§ WHAT YOU NEED TO DO
From the records below, copy out each line that has the word "unit".
━━━ INFORMATION GIVEN ━━━
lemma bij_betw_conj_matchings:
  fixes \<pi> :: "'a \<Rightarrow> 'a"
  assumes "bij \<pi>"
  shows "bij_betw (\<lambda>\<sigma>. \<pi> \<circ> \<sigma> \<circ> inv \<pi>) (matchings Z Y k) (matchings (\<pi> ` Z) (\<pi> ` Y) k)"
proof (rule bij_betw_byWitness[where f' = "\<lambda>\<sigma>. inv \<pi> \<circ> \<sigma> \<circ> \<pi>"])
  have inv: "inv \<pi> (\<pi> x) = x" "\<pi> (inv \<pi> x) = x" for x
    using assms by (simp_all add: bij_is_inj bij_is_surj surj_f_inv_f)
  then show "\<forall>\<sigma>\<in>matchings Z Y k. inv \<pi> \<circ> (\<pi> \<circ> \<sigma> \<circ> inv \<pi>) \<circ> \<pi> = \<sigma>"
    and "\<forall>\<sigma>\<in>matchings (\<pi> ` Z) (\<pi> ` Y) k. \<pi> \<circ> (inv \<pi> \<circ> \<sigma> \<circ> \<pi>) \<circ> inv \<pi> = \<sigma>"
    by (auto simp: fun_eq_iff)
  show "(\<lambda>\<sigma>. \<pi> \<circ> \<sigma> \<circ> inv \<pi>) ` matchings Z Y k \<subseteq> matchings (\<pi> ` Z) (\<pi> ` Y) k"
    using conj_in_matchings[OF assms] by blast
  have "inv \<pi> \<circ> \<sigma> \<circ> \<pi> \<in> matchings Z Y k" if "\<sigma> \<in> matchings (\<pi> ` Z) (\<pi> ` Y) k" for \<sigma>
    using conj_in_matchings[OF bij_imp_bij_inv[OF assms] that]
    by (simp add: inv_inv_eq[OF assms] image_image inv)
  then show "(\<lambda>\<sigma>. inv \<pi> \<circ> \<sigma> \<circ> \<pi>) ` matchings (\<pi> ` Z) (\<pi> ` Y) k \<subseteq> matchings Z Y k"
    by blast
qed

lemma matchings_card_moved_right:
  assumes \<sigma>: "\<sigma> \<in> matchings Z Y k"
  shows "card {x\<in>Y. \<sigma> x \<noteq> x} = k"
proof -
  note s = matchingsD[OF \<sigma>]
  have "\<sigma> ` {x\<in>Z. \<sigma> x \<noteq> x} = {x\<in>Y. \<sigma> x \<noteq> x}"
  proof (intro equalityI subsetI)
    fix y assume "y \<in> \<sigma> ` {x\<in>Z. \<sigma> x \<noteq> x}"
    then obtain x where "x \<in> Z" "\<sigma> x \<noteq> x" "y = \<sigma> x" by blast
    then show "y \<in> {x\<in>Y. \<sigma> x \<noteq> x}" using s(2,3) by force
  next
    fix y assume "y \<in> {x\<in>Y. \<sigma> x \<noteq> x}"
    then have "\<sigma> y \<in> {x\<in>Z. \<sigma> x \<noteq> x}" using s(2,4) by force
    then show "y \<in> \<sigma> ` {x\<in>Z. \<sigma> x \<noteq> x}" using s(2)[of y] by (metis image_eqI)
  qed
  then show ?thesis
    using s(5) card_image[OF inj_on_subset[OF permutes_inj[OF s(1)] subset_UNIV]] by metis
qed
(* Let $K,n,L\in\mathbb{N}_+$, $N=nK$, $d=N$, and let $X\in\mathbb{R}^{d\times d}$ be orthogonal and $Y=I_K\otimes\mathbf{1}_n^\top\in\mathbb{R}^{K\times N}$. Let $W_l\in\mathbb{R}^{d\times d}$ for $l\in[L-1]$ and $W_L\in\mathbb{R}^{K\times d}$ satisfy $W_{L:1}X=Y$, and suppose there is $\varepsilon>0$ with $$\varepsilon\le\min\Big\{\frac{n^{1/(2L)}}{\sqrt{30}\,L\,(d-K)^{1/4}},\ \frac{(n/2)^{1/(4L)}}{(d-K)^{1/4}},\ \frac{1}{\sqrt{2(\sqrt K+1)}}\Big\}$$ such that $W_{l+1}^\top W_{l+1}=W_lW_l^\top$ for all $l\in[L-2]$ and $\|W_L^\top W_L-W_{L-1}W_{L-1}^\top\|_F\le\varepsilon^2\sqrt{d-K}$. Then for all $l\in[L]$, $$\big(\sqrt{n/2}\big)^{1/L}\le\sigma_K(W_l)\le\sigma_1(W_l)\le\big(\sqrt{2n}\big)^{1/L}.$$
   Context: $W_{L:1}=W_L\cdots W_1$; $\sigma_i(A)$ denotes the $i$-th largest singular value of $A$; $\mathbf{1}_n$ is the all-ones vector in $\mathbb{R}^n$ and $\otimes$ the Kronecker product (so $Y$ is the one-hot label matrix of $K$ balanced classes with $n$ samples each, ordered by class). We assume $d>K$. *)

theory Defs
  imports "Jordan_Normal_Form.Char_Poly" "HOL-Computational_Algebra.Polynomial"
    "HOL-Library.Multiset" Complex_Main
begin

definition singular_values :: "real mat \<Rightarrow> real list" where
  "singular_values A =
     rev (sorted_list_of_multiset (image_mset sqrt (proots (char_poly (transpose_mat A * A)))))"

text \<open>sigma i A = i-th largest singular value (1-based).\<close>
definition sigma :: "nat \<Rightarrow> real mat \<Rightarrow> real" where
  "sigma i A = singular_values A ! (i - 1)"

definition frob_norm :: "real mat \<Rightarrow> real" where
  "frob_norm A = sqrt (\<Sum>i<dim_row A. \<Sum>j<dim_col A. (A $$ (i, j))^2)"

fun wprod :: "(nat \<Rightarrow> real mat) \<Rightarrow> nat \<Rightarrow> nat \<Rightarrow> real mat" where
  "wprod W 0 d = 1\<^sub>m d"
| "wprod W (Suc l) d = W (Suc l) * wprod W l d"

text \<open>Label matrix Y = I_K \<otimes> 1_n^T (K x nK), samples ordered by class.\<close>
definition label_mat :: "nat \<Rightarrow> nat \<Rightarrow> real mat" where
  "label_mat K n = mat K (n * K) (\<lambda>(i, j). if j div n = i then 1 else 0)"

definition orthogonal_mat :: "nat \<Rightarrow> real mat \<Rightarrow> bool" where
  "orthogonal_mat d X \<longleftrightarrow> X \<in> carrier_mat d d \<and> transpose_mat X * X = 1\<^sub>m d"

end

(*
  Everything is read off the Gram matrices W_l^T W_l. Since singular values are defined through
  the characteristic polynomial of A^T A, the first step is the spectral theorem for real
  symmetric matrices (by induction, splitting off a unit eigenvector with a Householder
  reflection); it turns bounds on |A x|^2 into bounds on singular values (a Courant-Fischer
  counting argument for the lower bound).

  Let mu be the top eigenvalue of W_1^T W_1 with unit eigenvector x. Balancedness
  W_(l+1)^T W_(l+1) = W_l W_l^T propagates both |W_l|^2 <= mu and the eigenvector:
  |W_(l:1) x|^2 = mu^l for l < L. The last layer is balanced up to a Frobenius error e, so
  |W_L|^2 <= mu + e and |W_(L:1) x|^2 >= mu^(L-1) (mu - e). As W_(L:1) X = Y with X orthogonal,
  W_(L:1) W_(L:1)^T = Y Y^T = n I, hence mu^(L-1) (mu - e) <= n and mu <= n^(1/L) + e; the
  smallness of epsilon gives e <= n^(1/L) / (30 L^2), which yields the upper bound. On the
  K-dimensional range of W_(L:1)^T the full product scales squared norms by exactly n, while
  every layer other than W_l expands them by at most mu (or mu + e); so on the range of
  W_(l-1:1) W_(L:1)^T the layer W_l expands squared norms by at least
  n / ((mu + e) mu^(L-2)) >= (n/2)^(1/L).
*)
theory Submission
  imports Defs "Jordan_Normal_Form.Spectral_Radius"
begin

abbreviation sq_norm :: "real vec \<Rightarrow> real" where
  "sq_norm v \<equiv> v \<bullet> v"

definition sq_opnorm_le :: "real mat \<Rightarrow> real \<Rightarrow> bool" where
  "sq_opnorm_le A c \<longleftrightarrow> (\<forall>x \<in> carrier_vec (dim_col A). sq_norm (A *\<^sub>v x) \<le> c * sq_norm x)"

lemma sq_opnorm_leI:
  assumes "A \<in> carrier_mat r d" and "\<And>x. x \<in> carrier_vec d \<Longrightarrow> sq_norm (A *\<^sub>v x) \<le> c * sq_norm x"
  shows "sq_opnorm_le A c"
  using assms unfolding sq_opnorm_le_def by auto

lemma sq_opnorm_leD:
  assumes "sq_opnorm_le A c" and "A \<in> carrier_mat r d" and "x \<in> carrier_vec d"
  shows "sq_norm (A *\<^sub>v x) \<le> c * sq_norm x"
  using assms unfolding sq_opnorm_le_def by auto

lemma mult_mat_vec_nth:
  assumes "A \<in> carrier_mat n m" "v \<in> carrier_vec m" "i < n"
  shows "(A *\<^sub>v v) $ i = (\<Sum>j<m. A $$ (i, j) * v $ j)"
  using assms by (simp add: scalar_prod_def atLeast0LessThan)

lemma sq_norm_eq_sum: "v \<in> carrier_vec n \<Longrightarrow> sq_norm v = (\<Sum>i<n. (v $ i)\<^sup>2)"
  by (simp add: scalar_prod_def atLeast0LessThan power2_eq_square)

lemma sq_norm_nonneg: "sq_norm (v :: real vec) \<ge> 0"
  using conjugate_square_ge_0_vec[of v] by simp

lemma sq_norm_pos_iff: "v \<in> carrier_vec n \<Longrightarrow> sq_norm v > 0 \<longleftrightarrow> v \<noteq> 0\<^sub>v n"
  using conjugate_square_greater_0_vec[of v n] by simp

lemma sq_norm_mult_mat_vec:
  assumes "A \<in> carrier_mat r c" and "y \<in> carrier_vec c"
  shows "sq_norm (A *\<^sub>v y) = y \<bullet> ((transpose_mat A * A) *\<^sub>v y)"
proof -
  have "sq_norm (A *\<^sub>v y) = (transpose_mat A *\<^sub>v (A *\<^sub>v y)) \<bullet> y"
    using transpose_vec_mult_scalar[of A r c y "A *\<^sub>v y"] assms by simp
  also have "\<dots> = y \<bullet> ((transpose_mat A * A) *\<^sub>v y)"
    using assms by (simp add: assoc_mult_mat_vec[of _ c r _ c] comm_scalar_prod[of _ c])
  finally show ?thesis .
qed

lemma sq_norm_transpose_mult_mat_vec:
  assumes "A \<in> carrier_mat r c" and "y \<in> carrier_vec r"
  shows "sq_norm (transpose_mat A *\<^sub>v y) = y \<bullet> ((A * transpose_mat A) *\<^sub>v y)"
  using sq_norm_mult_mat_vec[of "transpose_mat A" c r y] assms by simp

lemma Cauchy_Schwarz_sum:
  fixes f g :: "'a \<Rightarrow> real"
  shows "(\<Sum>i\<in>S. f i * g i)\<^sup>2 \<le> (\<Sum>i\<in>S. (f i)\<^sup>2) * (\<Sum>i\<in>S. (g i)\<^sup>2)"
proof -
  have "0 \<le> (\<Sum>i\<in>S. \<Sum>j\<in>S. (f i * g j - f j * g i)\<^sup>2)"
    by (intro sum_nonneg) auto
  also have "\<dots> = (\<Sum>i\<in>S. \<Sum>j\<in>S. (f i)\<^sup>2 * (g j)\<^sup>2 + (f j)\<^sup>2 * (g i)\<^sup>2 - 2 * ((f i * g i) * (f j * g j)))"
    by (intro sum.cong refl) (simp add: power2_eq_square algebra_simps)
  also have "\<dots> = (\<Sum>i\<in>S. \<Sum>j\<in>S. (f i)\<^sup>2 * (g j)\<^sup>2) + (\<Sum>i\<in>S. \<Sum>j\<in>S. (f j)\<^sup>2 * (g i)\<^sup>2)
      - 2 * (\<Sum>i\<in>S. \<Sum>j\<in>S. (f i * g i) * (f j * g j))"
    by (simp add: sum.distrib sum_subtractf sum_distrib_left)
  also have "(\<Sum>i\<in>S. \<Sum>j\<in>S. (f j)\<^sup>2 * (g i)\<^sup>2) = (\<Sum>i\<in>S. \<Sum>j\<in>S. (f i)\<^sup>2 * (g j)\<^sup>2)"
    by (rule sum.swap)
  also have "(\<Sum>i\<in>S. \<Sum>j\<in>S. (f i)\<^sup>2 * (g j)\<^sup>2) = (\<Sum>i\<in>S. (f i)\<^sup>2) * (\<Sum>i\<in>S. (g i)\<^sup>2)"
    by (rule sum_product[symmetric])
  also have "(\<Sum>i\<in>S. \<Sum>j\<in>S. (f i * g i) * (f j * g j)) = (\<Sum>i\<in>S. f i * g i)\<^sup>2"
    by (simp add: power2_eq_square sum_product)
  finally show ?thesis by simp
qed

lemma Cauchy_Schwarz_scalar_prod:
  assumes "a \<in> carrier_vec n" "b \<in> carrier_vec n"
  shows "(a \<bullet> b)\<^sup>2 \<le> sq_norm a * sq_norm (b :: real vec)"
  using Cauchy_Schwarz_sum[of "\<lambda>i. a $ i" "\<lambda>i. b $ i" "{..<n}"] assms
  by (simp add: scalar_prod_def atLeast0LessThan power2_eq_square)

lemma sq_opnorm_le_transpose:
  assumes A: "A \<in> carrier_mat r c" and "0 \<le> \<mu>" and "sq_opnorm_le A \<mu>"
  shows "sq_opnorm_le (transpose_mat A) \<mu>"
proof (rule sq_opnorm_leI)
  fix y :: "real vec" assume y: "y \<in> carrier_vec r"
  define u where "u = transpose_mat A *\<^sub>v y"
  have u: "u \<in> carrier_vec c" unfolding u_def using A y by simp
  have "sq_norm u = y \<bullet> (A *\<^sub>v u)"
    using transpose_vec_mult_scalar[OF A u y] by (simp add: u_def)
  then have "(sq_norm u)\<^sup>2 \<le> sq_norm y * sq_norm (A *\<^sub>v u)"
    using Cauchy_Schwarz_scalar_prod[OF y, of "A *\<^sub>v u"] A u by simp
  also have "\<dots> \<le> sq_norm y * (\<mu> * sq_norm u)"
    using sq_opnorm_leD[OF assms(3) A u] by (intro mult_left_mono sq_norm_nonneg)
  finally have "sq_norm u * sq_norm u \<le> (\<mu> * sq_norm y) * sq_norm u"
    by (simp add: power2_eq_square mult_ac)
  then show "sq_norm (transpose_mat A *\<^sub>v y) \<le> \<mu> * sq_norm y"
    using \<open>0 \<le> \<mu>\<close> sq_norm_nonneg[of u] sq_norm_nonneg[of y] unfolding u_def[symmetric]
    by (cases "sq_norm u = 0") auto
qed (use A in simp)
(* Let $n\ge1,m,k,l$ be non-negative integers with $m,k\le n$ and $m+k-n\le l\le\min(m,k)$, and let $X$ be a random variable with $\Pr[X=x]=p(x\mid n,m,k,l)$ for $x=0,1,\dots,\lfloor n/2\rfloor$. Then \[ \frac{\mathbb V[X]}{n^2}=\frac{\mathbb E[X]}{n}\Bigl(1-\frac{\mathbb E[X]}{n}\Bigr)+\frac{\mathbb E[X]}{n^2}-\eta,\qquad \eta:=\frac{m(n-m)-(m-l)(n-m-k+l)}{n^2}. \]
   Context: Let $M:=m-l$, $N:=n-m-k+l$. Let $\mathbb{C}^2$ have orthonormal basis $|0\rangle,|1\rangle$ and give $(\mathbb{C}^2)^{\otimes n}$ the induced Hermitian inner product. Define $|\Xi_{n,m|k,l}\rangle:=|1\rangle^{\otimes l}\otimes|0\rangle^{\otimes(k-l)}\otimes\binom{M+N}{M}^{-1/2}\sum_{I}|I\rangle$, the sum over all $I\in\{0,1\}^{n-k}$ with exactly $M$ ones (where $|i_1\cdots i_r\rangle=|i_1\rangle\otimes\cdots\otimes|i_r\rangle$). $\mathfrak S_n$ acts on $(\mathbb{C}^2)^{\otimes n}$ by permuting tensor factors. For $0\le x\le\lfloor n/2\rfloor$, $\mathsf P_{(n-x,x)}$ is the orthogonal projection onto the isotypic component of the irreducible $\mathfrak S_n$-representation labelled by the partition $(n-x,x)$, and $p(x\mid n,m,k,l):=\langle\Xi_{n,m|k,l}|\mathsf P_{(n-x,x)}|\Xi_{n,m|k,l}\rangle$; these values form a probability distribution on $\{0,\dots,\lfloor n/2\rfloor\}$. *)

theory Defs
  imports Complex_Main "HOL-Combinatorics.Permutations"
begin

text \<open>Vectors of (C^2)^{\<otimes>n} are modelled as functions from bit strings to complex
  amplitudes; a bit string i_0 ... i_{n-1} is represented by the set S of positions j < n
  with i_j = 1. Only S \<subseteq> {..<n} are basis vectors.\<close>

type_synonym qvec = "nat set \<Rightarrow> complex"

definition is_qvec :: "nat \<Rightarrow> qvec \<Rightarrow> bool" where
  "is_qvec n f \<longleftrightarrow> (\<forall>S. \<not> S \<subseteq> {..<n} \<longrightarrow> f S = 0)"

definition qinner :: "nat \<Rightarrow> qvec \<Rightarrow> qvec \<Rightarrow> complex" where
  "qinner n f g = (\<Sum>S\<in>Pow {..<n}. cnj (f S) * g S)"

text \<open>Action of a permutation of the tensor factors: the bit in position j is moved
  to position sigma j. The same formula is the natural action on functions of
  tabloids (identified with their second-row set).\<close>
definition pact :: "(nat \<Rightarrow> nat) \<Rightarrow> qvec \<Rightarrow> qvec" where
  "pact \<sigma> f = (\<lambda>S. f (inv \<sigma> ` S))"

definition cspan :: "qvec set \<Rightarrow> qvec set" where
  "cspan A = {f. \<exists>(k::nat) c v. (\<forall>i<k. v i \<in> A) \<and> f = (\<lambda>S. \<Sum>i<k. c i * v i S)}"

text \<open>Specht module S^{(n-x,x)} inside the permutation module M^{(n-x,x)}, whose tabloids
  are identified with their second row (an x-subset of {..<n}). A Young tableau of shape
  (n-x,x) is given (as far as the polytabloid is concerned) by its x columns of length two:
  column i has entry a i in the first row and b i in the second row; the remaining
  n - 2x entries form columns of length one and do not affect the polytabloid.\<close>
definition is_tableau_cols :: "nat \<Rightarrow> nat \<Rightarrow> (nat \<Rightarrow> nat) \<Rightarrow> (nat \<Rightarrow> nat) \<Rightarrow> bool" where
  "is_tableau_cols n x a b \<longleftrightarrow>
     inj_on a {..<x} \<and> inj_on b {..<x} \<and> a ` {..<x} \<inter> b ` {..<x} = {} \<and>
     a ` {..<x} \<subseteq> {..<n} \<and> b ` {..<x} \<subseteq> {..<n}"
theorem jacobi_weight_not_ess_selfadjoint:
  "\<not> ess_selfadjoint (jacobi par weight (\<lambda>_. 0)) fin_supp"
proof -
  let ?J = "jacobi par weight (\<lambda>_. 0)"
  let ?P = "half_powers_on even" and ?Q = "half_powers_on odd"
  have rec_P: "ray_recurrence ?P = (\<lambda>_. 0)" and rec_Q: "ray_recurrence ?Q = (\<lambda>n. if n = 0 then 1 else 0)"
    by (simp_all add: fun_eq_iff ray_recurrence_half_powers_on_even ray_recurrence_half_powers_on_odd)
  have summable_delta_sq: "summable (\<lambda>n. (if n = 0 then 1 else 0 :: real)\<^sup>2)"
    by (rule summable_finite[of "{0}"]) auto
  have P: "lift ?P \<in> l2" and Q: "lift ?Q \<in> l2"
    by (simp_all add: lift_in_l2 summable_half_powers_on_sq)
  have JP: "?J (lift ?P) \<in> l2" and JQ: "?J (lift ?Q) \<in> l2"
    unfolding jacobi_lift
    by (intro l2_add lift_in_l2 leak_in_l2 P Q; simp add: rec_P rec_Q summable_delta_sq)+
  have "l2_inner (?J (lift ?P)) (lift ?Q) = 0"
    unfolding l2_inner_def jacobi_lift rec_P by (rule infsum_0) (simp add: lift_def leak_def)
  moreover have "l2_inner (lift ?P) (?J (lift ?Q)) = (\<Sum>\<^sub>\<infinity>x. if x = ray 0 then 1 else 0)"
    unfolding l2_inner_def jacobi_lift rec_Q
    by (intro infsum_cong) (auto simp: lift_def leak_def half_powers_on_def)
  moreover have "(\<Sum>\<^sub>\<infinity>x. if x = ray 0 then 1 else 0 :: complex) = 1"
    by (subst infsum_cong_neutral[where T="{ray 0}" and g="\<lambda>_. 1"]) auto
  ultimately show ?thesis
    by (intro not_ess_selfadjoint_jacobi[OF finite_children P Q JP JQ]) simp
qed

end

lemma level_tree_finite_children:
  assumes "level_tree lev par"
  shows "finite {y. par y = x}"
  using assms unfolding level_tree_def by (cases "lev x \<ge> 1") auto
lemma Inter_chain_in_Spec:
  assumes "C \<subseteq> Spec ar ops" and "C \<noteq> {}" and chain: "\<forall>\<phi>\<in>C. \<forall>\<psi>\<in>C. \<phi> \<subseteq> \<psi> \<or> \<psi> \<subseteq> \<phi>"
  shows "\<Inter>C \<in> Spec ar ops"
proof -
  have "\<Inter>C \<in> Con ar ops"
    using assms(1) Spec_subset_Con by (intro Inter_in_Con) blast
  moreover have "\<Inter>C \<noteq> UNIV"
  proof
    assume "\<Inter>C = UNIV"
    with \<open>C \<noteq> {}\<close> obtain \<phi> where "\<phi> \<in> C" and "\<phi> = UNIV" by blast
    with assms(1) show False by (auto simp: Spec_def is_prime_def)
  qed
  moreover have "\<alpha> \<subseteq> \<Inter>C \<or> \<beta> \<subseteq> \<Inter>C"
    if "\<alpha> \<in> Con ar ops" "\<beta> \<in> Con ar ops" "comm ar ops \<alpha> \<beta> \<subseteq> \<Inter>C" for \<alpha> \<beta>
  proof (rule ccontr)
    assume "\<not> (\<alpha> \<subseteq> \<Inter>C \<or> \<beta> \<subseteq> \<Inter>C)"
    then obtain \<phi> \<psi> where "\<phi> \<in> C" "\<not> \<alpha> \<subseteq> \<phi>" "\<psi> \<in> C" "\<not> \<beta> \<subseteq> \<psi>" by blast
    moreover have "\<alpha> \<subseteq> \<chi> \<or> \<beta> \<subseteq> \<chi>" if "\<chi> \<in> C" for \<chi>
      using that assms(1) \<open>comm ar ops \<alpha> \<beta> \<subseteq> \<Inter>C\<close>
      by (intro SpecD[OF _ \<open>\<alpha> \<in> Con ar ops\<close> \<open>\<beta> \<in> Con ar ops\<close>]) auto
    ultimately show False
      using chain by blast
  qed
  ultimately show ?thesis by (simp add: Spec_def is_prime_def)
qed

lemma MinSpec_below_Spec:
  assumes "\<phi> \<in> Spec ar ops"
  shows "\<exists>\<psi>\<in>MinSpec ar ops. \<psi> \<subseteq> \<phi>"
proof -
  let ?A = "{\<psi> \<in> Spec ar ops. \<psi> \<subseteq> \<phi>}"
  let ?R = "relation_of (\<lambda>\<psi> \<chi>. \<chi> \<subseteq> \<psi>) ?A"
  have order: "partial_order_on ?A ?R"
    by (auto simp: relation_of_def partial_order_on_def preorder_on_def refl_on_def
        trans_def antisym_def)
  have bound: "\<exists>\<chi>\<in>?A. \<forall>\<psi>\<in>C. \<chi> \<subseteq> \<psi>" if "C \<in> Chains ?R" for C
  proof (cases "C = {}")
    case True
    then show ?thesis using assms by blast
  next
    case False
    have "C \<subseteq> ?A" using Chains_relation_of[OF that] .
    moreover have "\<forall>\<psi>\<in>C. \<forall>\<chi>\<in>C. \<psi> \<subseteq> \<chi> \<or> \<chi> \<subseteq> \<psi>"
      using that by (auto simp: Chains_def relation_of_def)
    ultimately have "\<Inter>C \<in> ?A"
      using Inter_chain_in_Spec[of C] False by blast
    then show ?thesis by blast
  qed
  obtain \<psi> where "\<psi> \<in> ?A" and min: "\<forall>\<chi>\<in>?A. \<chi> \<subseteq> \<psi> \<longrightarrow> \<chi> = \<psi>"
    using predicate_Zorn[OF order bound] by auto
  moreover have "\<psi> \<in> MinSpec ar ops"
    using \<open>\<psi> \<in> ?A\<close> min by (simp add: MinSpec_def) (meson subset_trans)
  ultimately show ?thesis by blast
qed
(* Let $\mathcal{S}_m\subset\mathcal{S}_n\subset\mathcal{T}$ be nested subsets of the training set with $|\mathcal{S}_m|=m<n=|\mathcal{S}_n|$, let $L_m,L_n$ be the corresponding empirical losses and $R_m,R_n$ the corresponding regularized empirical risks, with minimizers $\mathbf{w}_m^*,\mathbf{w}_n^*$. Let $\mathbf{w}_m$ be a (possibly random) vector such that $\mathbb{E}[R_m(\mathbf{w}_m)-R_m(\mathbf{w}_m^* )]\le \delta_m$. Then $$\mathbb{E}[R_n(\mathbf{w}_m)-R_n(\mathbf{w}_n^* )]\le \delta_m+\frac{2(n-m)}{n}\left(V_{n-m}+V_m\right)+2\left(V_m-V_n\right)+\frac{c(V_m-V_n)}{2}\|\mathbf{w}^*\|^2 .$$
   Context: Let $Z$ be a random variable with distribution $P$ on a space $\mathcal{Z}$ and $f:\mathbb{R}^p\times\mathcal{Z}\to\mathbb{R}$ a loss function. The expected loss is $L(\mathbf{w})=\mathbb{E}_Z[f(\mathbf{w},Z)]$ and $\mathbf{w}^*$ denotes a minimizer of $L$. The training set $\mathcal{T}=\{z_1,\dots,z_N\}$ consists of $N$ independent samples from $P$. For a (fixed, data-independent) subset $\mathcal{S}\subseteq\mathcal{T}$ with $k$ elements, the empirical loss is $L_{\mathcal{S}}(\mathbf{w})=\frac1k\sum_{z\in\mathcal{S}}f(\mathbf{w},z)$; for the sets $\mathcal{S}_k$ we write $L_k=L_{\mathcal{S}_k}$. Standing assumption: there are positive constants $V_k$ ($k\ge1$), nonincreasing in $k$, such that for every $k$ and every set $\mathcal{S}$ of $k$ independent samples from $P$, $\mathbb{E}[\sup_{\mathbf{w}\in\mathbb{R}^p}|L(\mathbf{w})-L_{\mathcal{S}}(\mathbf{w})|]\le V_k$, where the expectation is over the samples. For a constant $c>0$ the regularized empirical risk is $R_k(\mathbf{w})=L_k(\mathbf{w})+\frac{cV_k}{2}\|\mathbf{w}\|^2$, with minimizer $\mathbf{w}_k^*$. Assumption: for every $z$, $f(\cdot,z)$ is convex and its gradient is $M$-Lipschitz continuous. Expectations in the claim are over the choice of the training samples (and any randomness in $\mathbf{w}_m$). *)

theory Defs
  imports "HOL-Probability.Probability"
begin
━━━
§ REPLY TO THE TASK
  symmetric matrices (by induction, splitting off a unit eigenvector with a Householder
  Let mu be the top eigenvalue of W_1^T W_1 with unit eigenvector x. Balancedness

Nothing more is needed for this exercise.